Reproduce only the lines of the material below that start at the line containing "every odd term" and stop at the line containing "using Suc by (intro mult_left_mono) auto". Keep both end lines.

BEGIN

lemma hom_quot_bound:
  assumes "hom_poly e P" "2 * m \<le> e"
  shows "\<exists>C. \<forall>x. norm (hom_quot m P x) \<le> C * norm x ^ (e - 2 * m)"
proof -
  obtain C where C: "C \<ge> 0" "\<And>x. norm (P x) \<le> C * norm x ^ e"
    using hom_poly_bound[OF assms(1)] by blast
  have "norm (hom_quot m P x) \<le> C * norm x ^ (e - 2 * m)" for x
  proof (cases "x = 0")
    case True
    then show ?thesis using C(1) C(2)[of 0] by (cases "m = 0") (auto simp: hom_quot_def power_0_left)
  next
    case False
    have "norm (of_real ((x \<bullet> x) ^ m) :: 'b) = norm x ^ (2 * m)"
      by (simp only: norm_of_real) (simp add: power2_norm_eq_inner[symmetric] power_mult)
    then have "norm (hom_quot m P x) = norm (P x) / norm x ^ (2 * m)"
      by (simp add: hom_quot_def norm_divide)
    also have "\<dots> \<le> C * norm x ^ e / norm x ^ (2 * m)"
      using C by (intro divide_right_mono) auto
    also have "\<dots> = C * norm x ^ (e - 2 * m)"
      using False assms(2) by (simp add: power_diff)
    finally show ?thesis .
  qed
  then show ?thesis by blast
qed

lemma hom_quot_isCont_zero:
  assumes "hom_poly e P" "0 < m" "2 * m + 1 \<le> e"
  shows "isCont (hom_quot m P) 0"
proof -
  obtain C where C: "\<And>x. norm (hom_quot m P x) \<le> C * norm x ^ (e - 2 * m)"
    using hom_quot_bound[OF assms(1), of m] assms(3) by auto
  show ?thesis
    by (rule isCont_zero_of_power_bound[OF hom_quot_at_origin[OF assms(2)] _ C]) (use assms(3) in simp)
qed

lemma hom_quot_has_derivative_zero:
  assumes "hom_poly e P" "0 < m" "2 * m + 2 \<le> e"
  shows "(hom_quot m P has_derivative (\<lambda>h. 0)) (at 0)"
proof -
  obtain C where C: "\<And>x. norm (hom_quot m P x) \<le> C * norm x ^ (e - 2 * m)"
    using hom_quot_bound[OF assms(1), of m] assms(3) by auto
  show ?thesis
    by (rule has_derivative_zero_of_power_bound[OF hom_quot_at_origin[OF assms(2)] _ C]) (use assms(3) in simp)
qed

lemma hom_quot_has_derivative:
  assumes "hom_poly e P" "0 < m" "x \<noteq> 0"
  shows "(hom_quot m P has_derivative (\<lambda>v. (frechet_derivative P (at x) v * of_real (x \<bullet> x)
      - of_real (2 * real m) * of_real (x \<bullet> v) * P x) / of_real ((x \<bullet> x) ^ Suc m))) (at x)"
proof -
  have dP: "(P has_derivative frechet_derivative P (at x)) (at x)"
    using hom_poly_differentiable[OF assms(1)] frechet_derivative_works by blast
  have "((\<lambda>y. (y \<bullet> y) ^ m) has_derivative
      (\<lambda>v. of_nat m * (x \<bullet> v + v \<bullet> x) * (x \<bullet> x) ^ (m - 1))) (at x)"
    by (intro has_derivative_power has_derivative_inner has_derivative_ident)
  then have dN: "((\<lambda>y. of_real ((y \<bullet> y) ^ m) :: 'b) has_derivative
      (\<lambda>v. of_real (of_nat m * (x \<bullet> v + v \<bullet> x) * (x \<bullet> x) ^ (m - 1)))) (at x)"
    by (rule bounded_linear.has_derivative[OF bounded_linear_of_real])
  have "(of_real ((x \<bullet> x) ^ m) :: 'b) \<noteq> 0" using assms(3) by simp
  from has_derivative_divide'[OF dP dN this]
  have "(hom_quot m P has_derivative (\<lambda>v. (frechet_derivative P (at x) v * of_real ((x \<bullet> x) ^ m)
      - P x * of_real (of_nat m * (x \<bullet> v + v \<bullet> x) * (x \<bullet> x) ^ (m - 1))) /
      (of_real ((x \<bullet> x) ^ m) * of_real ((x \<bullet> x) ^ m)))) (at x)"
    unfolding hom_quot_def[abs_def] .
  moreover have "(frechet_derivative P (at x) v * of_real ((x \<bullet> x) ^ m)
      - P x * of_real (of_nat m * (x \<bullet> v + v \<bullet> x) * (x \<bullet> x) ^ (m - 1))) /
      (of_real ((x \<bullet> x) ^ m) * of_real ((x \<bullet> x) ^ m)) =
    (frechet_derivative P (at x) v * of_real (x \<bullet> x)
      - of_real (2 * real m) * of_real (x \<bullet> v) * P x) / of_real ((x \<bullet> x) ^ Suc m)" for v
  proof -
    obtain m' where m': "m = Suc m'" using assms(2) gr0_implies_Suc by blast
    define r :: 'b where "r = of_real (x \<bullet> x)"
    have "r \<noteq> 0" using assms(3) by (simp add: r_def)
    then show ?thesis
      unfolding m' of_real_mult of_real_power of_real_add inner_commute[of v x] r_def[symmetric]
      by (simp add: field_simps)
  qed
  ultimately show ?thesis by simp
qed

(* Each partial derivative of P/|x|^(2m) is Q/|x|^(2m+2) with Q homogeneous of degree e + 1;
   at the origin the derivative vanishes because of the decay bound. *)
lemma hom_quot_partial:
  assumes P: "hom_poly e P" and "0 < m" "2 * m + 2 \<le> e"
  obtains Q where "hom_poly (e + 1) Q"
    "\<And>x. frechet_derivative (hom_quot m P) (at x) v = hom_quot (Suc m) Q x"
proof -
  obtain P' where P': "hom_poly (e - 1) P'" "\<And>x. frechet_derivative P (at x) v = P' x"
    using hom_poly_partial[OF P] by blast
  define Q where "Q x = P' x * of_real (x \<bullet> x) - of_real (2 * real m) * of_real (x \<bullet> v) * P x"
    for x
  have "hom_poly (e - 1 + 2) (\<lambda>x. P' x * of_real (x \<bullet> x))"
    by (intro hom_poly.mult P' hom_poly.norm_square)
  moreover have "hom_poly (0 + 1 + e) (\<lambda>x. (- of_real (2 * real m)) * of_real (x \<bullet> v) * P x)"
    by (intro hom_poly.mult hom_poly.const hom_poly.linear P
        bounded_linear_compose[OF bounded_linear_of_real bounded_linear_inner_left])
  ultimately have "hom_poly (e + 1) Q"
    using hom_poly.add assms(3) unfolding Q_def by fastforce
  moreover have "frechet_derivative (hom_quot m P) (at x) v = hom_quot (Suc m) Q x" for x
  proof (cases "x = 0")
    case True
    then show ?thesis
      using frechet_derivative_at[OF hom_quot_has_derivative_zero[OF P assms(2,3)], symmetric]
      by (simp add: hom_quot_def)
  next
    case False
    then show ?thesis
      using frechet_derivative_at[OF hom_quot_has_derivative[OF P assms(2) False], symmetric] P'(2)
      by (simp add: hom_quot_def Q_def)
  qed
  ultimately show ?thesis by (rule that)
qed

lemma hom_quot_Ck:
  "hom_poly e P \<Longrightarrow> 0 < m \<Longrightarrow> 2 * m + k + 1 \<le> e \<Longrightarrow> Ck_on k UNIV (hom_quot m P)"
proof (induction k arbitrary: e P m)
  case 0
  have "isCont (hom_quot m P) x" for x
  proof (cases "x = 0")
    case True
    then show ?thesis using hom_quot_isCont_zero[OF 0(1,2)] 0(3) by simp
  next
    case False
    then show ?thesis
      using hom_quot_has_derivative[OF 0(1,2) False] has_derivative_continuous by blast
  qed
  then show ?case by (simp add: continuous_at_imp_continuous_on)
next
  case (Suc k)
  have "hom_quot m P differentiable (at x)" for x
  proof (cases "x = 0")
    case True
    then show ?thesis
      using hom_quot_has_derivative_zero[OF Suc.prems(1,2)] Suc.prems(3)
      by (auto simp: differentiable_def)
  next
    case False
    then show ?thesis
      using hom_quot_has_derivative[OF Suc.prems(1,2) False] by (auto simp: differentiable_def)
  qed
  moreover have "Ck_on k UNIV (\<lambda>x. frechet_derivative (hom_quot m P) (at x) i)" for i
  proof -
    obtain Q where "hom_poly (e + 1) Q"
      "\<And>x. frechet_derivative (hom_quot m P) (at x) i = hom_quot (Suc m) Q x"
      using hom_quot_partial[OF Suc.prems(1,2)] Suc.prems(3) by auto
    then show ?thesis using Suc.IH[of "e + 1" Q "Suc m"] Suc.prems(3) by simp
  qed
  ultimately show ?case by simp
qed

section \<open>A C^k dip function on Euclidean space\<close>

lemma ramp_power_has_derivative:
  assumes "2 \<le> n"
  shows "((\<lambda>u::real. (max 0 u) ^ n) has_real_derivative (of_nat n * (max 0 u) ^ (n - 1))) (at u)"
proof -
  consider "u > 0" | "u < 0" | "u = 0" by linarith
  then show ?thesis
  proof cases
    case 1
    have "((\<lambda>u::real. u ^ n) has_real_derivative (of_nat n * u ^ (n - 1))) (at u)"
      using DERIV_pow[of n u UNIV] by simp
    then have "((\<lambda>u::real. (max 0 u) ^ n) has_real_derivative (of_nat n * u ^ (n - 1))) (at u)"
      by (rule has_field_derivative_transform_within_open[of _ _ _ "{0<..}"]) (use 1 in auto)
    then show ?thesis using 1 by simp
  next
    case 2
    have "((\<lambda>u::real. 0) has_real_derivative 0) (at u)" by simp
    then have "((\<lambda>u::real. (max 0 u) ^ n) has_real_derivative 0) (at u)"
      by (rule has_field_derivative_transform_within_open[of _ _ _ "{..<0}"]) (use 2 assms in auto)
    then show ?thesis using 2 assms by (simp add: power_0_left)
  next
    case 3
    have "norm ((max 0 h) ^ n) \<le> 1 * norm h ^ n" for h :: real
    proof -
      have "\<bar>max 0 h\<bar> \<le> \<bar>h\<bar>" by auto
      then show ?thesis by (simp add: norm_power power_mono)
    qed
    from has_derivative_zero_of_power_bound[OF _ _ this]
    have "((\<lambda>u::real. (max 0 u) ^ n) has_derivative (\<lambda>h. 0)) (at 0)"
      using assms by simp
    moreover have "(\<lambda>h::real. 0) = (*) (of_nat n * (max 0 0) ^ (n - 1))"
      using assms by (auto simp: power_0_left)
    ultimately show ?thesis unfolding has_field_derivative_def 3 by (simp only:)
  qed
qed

END
BEGIN

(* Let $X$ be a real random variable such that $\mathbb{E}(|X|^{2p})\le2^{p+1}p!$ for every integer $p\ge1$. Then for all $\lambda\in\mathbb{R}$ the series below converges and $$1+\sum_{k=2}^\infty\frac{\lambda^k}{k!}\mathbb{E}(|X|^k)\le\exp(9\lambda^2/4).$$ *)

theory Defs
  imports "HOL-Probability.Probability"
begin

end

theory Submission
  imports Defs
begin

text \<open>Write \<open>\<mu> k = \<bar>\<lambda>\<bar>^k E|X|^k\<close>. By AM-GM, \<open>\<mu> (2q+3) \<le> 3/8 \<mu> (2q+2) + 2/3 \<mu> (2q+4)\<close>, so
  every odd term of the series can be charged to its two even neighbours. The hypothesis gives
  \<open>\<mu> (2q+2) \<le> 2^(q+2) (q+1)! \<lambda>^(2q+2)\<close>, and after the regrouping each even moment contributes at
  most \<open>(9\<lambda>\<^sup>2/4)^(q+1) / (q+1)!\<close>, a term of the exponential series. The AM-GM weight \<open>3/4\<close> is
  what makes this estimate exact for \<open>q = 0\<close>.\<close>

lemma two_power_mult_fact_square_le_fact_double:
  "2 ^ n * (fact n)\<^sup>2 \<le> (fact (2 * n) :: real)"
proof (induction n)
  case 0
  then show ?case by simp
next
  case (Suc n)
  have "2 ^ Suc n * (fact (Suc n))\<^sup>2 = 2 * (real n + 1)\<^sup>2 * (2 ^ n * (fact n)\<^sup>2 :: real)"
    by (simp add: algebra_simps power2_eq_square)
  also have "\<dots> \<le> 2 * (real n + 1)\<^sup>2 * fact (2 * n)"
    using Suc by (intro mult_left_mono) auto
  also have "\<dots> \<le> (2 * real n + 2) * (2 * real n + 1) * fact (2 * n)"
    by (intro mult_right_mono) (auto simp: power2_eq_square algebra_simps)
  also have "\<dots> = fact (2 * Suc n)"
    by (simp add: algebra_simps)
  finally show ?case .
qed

END
BEGIN

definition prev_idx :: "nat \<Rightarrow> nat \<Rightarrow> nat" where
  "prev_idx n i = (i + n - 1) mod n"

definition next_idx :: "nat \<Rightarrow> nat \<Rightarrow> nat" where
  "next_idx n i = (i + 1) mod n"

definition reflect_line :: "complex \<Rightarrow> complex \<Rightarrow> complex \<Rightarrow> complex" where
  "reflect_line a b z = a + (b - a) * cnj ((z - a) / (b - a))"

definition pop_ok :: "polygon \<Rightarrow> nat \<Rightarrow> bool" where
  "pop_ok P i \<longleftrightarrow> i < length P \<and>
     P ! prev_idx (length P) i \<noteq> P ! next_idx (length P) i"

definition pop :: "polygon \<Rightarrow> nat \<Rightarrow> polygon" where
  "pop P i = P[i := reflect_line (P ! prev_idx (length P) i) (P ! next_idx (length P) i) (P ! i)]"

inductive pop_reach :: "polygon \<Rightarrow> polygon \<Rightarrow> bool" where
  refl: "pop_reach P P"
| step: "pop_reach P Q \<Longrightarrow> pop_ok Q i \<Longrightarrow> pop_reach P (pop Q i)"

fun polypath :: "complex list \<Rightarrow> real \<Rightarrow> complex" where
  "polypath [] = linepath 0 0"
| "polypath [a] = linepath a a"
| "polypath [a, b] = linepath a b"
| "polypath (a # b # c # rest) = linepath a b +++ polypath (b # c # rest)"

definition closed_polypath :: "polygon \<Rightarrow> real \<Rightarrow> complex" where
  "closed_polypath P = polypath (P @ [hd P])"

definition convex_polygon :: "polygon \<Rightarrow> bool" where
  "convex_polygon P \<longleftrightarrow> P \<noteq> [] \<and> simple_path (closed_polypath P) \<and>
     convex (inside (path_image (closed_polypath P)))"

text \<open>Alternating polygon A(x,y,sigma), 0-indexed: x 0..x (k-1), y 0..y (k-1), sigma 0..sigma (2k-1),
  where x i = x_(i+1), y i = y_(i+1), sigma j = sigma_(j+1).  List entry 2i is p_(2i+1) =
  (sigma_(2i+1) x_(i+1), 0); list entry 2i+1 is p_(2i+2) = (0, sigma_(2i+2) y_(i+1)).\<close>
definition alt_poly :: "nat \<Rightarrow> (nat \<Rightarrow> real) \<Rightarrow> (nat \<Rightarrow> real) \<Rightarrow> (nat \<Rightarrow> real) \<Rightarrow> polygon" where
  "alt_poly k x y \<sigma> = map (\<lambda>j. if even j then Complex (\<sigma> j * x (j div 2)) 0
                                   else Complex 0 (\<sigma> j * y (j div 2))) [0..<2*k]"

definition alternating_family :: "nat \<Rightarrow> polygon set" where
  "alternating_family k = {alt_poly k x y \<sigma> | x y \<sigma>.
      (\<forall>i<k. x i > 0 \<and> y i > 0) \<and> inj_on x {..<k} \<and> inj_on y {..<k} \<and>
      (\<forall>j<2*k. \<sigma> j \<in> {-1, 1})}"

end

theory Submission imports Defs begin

END

## [Solved exercise]
  every odd term of the series can be charged to its two even neighbours. The hypothesis gives
  \<open>\<mu> (2q+2) \<le> 2^(q+2) (q+1)! \<lambda>^(2q+2)\<close>, and after the regrouping each even moment contributes at
  most \<open>(9\<lambda>\<^sup>2/4)^(q+1) / (q+1)!\<close>, a term of the exponential series. The AM-GM weight \<open>3/4\<close> is
  what makes this estimate exact for \<open>q = 0\<close>.\<close>

lemma two_power_mult_fact_square_le_fact_double:
  "2 ^ n * (fact n)\<^sup>2 \<le> (fact (2 * n) :: real)"
proof (induction n)
  case 0
  then show ?case by simp
next
  case (Suc n)
  have "2 ^ Suc n * (fact (Suc n))\<^sup>2 = 2 * (real n + 1)\<^sup>2 * (2 ^ n * (fact n)\<^sup>2 :: real)"
    by (simp add: algebra_simps power2_eq_square)
  also have "\<dots> \<le> 2 * (real n + 1)\<^sup>2 * fact (2 * n)"
    using Suc by (intro mult_left_mono) auto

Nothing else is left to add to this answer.